Bertrand Russell, on Free Will

Happy New year !

The notion of free will is a very interesting one, and as we are living in a time where people are talking of robot intelligence and where people are still adamant about religion and what they call or perceive as “freedom”, I think it’s only fair to remind this brilliant excerpt from “Religion and Science” by the late Bertrand Russell, that among all the great things he wrote struck me with its clarity and depth.

russell_color(yeah, I’m bootstrapping on Maria Popova’s Brainpickings !)

Psychology and physiology, in so far as they bear upon the question of free will, tend to make it improbable. Work on internal secretions, increased knowledge of function of different part of the brain, Pavlov’s investigations of conditioned reflexes, and the psycho-analytic study of the effects of repressed memories and desires, have all contributed to the discovery of causal laws governing mental phenomena. None of them, of course, have disproved the possibility of free will, but the have made it highly probable that, if uncaused volitions do ever occur, they are very rare.
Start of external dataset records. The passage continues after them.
(* For all $\boldsymbol\mu,\boldsymbol\mu'\in\mathcal P(\mathcal X\times[K])$ and every collection $\boldsymbol\pi=(\pi_k)_{k\in[K]}$ of decision rules $\pi_k:\mathcal X\times\mathcal P(\mathcal X\times[K])\to\mathcal P(\mathcal U)$ with $|\pi_k(x,\boldsymbol\mu_1)-\pi_k(x,\boldsymbol\mu_2)|_1\le L_Q|\boldsymbol\mu_1-\boldsymbol\mu_2|_1$ for all $x,k,\boldsymbol\mu_1,\boldsymbol\mu_2$, $$\sum_{k\in[K]}|r_k^{\mathrm{MF}}(\boldsymbol\mu,\boldsymbol\pi)-r_k^{\mathrm{MF}}(\boldsymbol\mu',\boldsymbol\pi)|\le S_R|\boldsymbol\mu-\boldsymbol\mu'|_1,\qquad S_R=M_R(1+L_Q)+L_R(2+L_Q).$$
   Context: $K\ge1$, $[K]=\{1,\dots,K\}$, $\mathcal X,\mathcal U$ finite, $\mathcal P(A)$ the probability distributions on $A$, $|\cdot|_1$ the $L_1$ norm, $M_R,L_R,L_Q>0$. For each $k$, $r_k:\mathcal X\times\mathcal U\times\mathcal P(\mathcal X\times[K])\times\mathcal P(\mathcal U\times[K])\to\mathbb R$ satisfies $|r_k(x,u,\boldsymbol\mu_1,\boldsymbol\nu_1)|\le M_R$ and $|r_k(x,u,\boldsymbol\mu_1,\boldsymbol\nu_1)-r_k(x,u,\boldsymbol\mu_2,\boldsymbol\nu_2)|\le L_R(|\boldsymbol\mu_1-\boldsymbol\mu_2|_1+|\boldsymbol\nu_1-\boldsymbol\nu_2|_1)$ for all arguments. Define $\nu^{\mathrm{MF}}(\boldsymbol\mu,\boldsymbol\pi)(u,k)=\sum_x\pi_k(x,\boldsymbol\mu)(u)\boldsymbol\mu(x,k)$ and $r_k^{\mathrm{MF}}(\boldsymbol\mu,\boldsymbol\pi)=\sum_{x\in\mathcal X}\sum_{u\in\mathcal U}\boldsymbol\mu(x,k)\pi_k(x,\boldsymbol\mu)(u)\,r_k(x,u,\boldsymbol\mu,\nu^{\mathrm{MF}}(\boldsymbol\mu,\boldsymbol\pi))$. *)

theory Defs
  imports Main "HOL-Analysis.Analysis"
begin

definition is_dist :: "'a set \<Rightarrow> ('a \<Rightarrow> real) \<Rightarrow> bool" where
  "is_dist A p \<longleftrightarrow> (\<forall>a. 0 \<le> p a) \<and> (\<forall>a. a \<notin> A \<longrightarrow> p a = 0) \<and> sum p A = 1"

definition l1 :: "'a set \<Rightarrow> ('a \<Rightarrow> real) \<Rightarrow> ('a \<Rightarrow> real) \<Rightarrow> real" where
  "l1 A p q = (\<Sum>a\<in>A. \<bar>p a - q a\<bar>)"

abbreviation idx :: "nat \<Rightarrow> nat set" where "idx K \<equiv> {1..K}"

definition nu_MF :: "('x::finite \<times> nat \<Rightarrow> real) \<Rightarrow> (nat \<Rightarrow> 'x \<Rightarrow> ('x \<times> nat \<Rightarrow> real) \<Rightarrow> ('u \<Rightarrow> real))
    \<Rightarrow> ('u \<times> nat \<Rightarrow> real)" where
  "nu_MF \<mu> \<pi> = (\<lambda>(u, k). \<Sum>x\<in>UNIV. \<pi> k x \<mu> u * \<mu> (x, k))"

definition r_MF :: "(nat \<Rightarrow> 'x \<Rightarrow> 'u \<Rightarrow> ('x \<times> nat \<Rightarrow> real) \<Rightarrow> ('u \<times> nat \<Rightarrow> real) \<Rightarrow> real)
    \<Rightarrow> nat \<Rightarrow> ('x::finite \<times> nat \<Rightarrow> real) \<Rightarrow> (nat \<Rightarrow> 'x \<Rightarrow> ('x \<times> nat \<Rightarrow> real) \<Rightarrow> ('u::finite \<Rightarrow> real))
    \<Rightarrow> real" where
  "r_MF r k \<mu> \<pi> = (\<Sum>x\<in>UNIV. \<Sum>u\<in>UNIV. \<mu> (x, k) * \<pi> k x \<mu> u * r k x u \<mu> (nu_MF \<mu> \<pi>))"

end

theory Submission
  imports Defs
begin

text \<open>For fixed k, r_MF is an expectation of r over the population slice \<mu>(\<cdot>, k) and the
  decision rules \<pi>_k, so telescoping a\<cdot>b\<cdot>c - a'\<cdot>b'\<cdot>c' splits its variation into three parts:
  the change of the slice (weighted by M_R), the change of the decision rules (at most
  M_R L_Q |\<mu> - \<mu>'|_1), and the change of the reward (at most L_R (|\<mu> - \<mu>'|_1 + |\<nu> - \<nu>'|_1)).
  The same telescoping shows that the action distribution \<nu>^MF is (1 + L_Q)-Lipschitz in \<mu>.
  Summing over k, the slices of \<mu>' add up to 1, which gives
  M_R + M_R L_Q + L_R (1 + (1 + L_Q)).\<close>

lemma sum_Times_eq_sum_sum: "sum f (A \<times> B) = (\<Sum>k\<in>B. \<Sum>x\<in>A. f (x, k))"
  by (simp add: sum.cartesian_product' sum.swap[of _ A])

lemma l1_Times_eq_sum_l1:
  "l1 (A \<times> B) p q = (\<Sum>k\<in>B. l1 A (\<lambda>x. p (x, k)) (\<lambda>x. q (x, k)))"
  unfolding l1_def by (rule sum_Times_eq_sum_sum)

lemma sum_slices_l1_plus_mass:
  assumes "is_dist (A \<times> B) q"
  shows "(\<Sum>k\<in>B. M * l1 A (\<lambda>x. p (x, k)) (\<lambda>x. q (x, k)) + C * (\<Sum>x\<in>A. q (x, k)))
    = M * l1 (A \<times> B) p q + C"
  using assms unfolding is_dist_def
  by (simp add: sum.distrib l1_Times_eq_sum_l1 sum_Times_eq_sum_sum sum_distrib_left[symmetric])

lemma abs_mult3_diff_le:
  fixes a a' b b' c c' M L :: real
  assumes "0 \<le> a'" "0 \<le> b" "0 \<le> b'" "\<bar>c\<bar> \<le> M" "\<bar>c - c'\<bar> \<le> L"
  shows "\<bar>a * b * c - a' * b' * c'\<bar> \<le> M * b * \<bar>a - a'\<bar> + M * a' * \<bar>b - b'\<bar> + L * a' * b'"
proof -
  have "a * b * c - a' * b' * c' = (a - a') * b * c + a' * (b - b') * c + a' * b' * (c - c')"
    by (simp add: algebra_simps)
  moreover have "\<bar>(a - a') * b * c\<bar> \<le> M * b * \<bar>a - a'\<bar>"
    using assms mult_right_mono[of "\<bar>c\<bar>" M "b * \<bar>a - a'\<bar>"] by (simp add: abs_mult ac_simps)
  moreover have "\<bar>a' * (b - b') * c\<bar> \<le> M * a' * \<bar>b - b'\<bar>"
    using assms mult_right_mono[of "\<bar>c\<bar>" M "a' * \<bar>b - b'\<bar>"] by (simp add: abs_mult ac_simps)
  moreover have "\<bar>a' * b' * (c - c')\<bar> \<le> L * a' * b'"
    using assms mult_right_mono[of "\<bar>c - c'\<bar>" L "a' * b'"] by (simp add: abs_mult ac_simps)
  ultimately show ?thesis
    by (smt (verit, best) abs_triangle_ineq)
qed

lemma l1_mixture_le:
  fixes a a' :: "'x \<Rightarrow> real" and b b' :: "'x \<Rightarrow> 'u \<Rightarrow> real"
  assumes "finite X" "finite U"
    and a': "\<And>x. x \<in> X \<Longrightarrow> 0 \<le> a' x"
    and b: "\<And>x. x \<in> X \<Longrightarrow> is_dist U (b x)"
    and E: "\<And>x. x \<in> X \<Longrightarrow> l1 U (b x) (b' x) \<le> E"
  shows "l1 U (\<lambda>u. \<Sum>x\<in>X. b x u * a x) (\<lambda>u. \<Sum>x\<in>X. b' x u * a' x) \<le> l1 X a a' + E * sum a' X"
proof -
  have "l1 U (\<lambda>u. \<Sum>x\<in>X. b x u * a x) (\<lambda>u. \<Sum>x\<in>X. b' x u * a' x)
      = (\<Sum>u\<in>U. \<bar>\<Sum>x\<in>X. b x u * (a x - a' x) + (b x u - b' x u) * a' x\<bar>)"
    unfolding l1_def by (simp add: sum_subtractf[symmetric] algebra_simps)
  also have "\<dots> \<le> (\<Sum>u\<in>U. \<Sum>x\<in>X. b x u * \<bar>a x - a' x\<bar> + \<bar>b x u - b' x u\<bar> * a' x)"
    using a' b unfolding is_dist_def
    by (intro sum_mono order_trans[OF sum_abs])
      (simp add: abs_mult order_trans[OF abs_triangle_ineq])
  also have "\<dots> = (\<Sum>x\<in>X. \<bar>a x - a' x\<bar> * sum (b x) U + l1 U (b x) (b' x) * a' x)"
    unfolding l1_def
    by (subst sum.swap) (simp add: sum.distrib sum_distrib_left sum_distrib_right ac_simps)
  also have "\<dots> \<le> (\<Sum>x\<in>X. \<bar>a x - a' x\<bar> + E * a' x)"
    using a' b E unfolding is_dist_def by (intro sum_mono) (simp add: mult_right_mono)
  also have "\<dots> = l1 X a a' + E * sum a' X"
    unfolding l1_def by (simp add: sum.distrib sum_distrib_left)
  finally show ?thesis .
qed

lemma expectation_mixture_diff_le:
  fixes a a' :: "'x \<Rightarrow> real" and b b' c c' :: "'x \<Rightarrow> 'u \<Rightarrow> real"
  assumes "finite X" "finite U" "0 \<le> M"
    and a': "\<And>x. x \<in> X \<Longrightarrow> 0 \<le> a' x"
    and b: "\<And>x. x \<in> X \<Longrightarrow> is_dist U (b x)"
    and b': "\<And>x. x \<in> X \<Longrightarrow> is_dist U (b' x)"
    and E: "\<And>x. x \<in> X \<Longrightarrow> l1 U (b x) (b' x) \<le> E"
    and c: "\<And>x u. x \<in> X \<Longrightarrow> u \<in> U \<Longrightarrow> \<bar>c x u\<bar> \<le> M"
    and c': "\<And>x u. x \<in> X \<Longrightarrow> u \<in> U \<Longrightarrow> \<bar>c x u - c' x u\<bar> \<le> L"
  shows "\<bar>(\<Sum>x\<in>X. \<Sum>u\<in>U. a x * b x u * c x u) - (\<Sum>x\<in>X. \<Sum>u\<in>U. a' x * b' x u * c' x u)\<bar>
     \<le> M * l1 X a a' + (M * E + L) * sum a' X"
proof -
  have "\<bar>(\<Sum>x\<in>X. \<Sum>u\<in>U. a x * b x u * c x u) - (\<Sum>x\<in>X. \<Sum>u\<in>U. a' x * b' x u * c' x u)\<bar>
      \<le> (\<Sum>x\<in>X. \<Sum>u\<in>U. \<bar>a x * b x u * c x u - a' x * b' x u * c' x u\<bar>)"
    unfolding sum_subtractf[symmetric] by (rule order_trans[OF sum_abs sum_mono[OF sum_abs]])
  also have "\<dots> \<le> (\<Sum>x\<in>X. \<Sum>u\<in>U.
      M * b x u * \<bar>a x - a' x\<bar> + M * a' x * \<bar>b x u - b' x u\<bar> + L * a' x * b' x u)"
    using a' b b' c c' unfolding is_dist_def by (intro sum_mono abs_mult3_diff_le) auto
  also have "\<dots> = (\<Sum>x\<in>X. M * \<bar>a x - a' x\<bar> * sum (b x) U
      + M * a' x * l1 U (b x) (b' x) + L * a' x * sum (b' x) U)"
    unfolding l1_def by (simp add: sum.distrib sum_distrib_left sum_distrib_right ac_simps)
  also have "\<dots> \<le> (\<Sum>x\<in>X. M * \<bar>a x - a' x\<bar> + (M * E + L) * a' x)"
  proof (intro sum_mono)
    fix x assume "x \<in> X"
    then have "M * a' x * l1 U (b x) (b' x) \<le> M * a' x * E"
      using a' E \<open>0 \<le> M\<close> by (simp add: mult_left_mono)
    with \<open>x \<in> X\<close> show "M * \<bar>a x - a' x\<bar> * sum (b x) U + M * a' x * l1 U (b x) (b' x)
        + L * a' x * sum (b' x) U \<le> M * \<bar>a x - a' x\<bar> + (M * E + L) * a' x"
      using b b' unfolding is_dist_def by (simp add: algebra_simps)
  qed
  also have "\<dots> = M * l1 X a a' + (M * E + L) * sum a' X"
    unfolding l1_def by (simp add: sum.distrib sum_distrib_left)
  finally show ?thesis .
qed

lemma is_dist_nu_MF:
  fixes \<mu> :: "'x::finite \<times> nat \<Rightarrow> real"
    and \<pi> :: "nat \<Rightarrow> 'x \<Rightarrow> ('x \<times> nat \<Rightarrow> real) \<Rightarrow> 'u::finite \<Rightarrow> real"
  assumes \<mu>: "is_dist (UNIV \<times> B) \<mu>" and \<pi>: "\<And>k x. k \<in> B \<Longrightarrow> is_dist UNIV (\<pi> k x \<mu>)"
  shows "is_dist (UNIV \<times> B) (nu_MF \<mu> \<pi>)"
proof -
  have \<mu>_outside: "\<mu> (x, k) = 0" if "k \<notin> B" for x k
    using \<mu> that unfolding is_dist_def by auto
  have "0 \<le> nu_MF \<mu> \<pi> (u, k)" for u k
    using \<mu> \<pi> \<mu>_outside unfolding is_dist_def nu_MF_def
    by (cases "k \<in> B") (auto intro!: sum_nonneg)
  moreover have "nu_MF \<mu> \<pi> (u, k) = 0" if "k \<notin> B" for u k
    using \<mu>_outside[OF that] unfolding nu_MF_def by simp
  moreover have "sum (nu_MF \<mu> \<pi>) (UNIV \<times> B) = (\<Sum>k\<in>B. \<Sum>x\<in>UNIV. \<mu> (x, k) * sum (\<pi> k x \<mu>) UNIV)"
    unfolding sum_Times_eq_sum_sum nu_MF_def case_prod_conv
    by (intro sum.cong refl, subst sum.swap) (simp add: sum_distrib_left ac_simps)
  then have "sum (nu_MF \<mu> \<pi>) (UNIV \<times> B) = 1"
    using \<mu> \<pi> unfolding is_dist_def by (simp add: sum_Times_eq_sum_sum)
  ultimately show ?thesis
    unfolding is_dist_def by auto
qed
The emotional importance supposed to belong to free will seems to me to rest mainly upon certain confusions of thought. People imagine that, if the will has causes, they may be compelled to things that they do not wish to do. This, of course, is a mistake; the wish is the cause of action, even if the wish itself has causes. We cannot do what we would rather not do, but it seems unreasonable to complain about this limitation. It is unpleasant when our wishes are thwarted, but this is no more likely to happen if they are caused than if they are uncaused. Nor does determinism warrant the feeling that we are important. Power consists in being able to have intended effects, and this is neither increased or diminished by the discovery of causes of our intentions.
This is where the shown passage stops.